Records shown:
============

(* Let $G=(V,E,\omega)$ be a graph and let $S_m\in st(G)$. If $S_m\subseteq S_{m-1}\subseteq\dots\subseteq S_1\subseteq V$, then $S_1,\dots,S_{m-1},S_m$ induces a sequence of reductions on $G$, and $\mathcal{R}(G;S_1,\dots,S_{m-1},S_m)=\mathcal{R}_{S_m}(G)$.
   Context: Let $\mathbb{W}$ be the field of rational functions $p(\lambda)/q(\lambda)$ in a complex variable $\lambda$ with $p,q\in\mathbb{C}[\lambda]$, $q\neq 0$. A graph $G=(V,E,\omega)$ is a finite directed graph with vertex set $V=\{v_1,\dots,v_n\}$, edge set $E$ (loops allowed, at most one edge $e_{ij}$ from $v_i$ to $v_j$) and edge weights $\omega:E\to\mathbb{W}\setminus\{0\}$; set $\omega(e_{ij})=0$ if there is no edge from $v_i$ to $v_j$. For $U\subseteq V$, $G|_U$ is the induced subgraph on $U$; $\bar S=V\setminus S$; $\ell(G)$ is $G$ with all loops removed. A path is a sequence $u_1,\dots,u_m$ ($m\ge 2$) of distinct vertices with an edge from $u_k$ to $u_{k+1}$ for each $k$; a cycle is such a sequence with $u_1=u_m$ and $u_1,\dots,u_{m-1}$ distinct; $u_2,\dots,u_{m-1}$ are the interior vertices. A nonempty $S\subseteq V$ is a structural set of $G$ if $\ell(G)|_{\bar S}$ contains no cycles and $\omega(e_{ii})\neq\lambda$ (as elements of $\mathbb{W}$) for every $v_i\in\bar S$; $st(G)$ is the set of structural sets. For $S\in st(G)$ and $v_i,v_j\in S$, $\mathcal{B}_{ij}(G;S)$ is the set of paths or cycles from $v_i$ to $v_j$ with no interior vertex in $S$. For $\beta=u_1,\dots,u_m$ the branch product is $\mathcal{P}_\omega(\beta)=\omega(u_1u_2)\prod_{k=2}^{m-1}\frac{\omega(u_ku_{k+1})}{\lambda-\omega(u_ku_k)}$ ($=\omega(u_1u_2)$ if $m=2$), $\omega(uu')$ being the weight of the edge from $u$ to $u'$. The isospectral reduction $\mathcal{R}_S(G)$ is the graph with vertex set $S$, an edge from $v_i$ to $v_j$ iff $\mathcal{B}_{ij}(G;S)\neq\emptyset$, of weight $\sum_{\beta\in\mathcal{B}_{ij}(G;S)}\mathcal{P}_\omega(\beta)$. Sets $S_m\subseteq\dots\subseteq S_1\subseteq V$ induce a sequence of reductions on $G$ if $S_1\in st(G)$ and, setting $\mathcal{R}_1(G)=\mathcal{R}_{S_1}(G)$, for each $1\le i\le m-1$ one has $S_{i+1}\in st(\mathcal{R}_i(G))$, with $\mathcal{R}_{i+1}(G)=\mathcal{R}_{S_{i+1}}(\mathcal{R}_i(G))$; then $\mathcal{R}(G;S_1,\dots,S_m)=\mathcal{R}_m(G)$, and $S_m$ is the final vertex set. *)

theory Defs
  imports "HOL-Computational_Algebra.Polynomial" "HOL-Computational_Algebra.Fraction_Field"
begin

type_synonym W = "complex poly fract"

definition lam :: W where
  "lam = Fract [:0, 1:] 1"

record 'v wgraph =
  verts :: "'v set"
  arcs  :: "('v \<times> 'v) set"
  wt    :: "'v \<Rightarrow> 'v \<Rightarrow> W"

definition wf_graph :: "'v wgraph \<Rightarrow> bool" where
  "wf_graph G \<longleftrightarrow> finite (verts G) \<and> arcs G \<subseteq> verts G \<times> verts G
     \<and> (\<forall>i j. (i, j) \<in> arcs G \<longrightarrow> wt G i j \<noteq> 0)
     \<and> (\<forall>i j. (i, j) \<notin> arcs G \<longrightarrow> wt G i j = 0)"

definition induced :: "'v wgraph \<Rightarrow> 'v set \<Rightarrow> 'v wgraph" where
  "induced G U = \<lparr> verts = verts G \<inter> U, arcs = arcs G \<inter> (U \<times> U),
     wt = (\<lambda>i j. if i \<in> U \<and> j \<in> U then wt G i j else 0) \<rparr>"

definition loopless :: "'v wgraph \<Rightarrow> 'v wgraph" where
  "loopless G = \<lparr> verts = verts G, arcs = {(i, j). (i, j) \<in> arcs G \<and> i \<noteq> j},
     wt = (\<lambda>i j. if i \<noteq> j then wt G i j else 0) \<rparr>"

============

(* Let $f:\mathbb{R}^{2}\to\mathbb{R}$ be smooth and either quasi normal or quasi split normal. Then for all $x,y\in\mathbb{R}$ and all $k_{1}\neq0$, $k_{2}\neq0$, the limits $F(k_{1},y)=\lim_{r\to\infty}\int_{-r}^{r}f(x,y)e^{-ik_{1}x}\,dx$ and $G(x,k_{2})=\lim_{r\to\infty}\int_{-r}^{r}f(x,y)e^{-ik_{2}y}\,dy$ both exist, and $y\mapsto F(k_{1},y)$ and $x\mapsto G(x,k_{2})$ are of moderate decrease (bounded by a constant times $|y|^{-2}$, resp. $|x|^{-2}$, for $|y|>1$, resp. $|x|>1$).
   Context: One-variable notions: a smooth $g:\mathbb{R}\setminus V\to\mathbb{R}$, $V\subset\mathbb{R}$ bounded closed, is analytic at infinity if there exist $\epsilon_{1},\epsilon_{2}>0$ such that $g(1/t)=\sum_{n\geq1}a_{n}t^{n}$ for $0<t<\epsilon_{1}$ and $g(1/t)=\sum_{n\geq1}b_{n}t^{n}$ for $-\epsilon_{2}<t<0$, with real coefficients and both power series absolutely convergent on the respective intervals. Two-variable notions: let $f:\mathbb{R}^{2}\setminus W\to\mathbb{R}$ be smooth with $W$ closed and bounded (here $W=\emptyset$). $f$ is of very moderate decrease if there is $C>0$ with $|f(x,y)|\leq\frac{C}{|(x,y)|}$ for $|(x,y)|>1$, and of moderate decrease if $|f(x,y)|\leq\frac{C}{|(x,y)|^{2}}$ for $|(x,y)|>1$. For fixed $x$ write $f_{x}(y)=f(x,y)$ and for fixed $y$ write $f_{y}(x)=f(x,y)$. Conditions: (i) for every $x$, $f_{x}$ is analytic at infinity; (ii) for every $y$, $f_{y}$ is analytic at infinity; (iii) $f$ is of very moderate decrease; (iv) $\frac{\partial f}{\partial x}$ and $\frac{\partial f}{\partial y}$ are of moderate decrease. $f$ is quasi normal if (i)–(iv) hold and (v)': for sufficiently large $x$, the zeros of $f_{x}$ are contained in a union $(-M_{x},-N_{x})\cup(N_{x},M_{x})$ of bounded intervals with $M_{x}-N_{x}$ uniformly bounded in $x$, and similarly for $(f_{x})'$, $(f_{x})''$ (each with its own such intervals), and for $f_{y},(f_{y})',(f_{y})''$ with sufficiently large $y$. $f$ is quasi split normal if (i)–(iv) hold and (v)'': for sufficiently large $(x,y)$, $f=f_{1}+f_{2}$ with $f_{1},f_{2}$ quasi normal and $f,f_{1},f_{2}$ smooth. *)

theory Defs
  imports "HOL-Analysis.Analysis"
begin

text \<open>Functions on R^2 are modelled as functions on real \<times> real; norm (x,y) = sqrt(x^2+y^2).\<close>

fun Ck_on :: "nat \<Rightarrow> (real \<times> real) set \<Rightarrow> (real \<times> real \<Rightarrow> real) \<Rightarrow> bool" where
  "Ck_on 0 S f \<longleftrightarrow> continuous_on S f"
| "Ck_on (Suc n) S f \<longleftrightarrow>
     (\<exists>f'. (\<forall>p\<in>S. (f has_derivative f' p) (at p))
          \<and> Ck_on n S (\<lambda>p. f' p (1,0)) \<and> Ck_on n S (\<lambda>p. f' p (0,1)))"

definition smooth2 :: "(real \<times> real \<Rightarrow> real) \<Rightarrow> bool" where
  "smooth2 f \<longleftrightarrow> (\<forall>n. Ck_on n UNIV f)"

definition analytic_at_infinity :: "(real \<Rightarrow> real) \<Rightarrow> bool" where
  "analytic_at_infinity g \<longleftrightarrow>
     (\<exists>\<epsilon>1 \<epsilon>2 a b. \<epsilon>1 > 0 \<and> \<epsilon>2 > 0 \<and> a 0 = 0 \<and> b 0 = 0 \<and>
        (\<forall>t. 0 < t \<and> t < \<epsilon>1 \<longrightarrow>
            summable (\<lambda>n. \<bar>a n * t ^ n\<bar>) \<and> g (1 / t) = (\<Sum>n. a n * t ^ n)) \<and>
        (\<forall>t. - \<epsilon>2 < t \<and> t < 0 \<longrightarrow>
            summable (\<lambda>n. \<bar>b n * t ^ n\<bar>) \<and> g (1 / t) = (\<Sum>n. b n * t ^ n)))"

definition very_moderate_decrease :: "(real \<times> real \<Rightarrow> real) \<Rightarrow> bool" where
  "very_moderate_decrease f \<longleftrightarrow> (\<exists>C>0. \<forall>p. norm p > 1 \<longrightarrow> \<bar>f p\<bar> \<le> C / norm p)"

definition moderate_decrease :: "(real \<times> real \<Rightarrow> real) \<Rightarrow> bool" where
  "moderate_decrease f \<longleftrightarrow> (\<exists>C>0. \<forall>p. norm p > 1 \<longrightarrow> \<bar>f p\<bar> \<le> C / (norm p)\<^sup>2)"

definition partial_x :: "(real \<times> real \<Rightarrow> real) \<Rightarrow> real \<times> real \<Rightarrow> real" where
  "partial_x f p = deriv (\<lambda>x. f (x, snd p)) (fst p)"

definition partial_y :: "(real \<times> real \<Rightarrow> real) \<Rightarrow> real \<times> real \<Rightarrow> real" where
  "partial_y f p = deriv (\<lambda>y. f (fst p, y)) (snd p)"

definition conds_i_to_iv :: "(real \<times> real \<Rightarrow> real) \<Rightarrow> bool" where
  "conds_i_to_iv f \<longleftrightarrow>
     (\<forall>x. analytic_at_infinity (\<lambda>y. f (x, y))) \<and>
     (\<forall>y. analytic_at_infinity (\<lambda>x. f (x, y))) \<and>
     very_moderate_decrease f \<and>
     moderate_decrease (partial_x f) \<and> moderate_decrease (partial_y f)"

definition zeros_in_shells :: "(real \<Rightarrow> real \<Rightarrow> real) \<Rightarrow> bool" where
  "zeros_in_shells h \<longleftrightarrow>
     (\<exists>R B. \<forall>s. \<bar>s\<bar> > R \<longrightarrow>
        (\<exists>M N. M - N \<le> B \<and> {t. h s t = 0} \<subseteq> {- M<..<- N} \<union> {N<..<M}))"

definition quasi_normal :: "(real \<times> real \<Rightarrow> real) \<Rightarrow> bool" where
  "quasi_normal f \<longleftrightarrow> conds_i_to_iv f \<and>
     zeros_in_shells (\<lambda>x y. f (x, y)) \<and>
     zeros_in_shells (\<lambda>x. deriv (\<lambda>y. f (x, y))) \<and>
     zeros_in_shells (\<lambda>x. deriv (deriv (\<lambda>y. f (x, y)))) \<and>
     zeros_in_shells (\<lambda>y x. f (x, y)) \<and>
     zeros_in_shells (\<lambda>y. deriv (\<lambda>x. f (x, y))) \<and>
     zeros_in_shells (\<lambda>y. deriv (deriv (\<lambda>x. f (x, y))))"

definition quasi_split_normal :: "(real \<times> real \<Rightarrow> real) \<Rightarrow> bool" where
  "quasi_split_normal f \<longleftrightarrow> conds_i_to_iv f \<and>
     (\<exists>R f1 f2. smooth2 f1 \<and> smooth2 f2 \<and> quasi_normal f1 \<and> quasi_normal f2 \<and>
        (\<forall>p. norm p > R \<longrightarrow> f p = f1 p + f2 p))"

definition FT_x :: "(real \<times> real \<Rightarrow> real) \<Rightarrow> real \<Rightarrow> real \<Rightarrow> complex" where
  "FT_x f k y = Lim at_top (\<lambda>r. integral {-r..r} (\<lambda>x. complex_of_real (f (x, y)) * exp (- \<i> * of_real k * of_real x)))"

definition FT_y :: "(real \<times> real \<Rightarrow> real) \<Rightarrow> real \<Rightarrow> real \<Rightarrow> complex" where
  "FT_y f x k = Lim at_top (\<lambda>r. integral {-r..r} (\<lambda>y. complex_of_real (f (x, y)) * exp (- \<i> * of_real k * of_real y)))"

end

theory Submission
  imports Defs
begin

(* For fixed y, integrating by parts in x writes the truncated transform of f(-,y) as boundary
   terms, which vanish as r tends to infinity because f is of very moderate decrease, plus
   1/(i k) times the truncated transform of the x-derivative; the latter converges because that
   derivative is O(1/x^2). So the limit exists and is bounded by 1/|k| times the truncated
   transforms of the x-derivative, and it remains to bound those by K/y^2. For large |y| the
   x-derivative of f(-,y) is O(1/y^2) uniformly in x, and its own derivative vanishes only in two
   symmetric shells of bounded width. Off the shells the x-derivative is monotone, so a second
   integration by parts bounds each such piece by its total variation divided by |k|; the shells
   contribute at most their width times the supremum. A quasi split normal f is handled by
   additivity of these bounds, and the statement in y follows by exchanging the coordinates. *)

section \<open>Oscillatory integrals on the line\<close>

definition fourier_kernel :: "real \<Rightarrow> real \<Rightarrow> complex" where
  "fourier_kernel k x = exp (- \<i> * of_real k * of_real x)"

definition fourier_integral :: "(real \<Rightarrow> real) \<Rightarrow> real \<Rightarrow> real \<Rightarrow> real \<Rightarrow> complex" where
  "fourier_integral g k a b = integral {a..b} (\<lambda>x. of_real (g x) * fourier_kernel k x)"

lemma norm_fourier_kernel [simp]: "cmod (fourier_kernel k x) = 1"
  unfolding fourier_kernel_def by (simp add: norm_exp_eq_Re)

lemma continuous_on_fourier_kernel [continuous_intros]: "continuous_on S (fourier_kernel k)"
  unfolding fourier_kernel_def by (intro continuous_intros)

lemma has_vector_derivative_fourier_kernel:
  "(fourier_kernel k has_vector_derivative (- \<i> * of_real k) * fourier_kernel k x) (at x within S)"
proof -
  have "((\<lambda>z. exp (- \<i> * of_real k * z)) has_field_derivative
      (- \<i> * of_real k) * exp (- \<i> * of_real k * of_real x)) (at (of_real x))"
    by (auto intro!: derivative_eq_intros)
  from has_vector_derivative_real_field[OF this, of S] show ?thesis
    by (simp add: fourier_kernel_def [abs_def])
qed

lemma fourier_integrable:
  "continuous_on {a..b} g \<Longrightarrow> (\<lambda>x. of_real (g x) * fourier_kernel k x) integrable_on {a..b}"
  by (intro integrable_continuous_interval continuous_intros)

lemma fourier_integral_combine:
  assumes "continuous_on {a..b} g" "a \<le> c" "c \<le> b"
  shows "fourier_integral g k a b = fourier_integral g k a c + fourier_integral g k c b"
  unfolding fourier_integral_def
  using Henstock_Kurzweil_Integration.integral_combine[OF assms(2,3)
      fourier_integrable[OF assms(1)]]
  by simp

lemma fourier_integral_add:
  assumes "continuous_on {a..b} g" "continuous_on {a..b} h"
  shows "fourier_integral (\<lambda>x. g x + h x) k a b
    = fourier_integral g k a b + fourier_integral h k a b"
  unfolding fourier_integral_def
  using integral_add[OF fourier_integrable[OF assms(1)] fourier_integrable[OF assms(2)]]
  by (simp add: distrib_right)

============

Description of the task:
For the listing above, print only the lines starting at the line containing "x + h x) k a b" and ending at the line containing "by (simp add: distrib_right)", exactly, both included.

Exercise solution:
  shows "fourier_integral (\<lambda>x. g x + h x) k a b
    = fourier_integral g k a b + fourier_integral h k a b"
  unfolding fourier_integral_def
  using integral_add[OF fourier_integrable[OF assms(1)] fourier_integrable[OF assms(2)]]
  by (simp add: distrib_right)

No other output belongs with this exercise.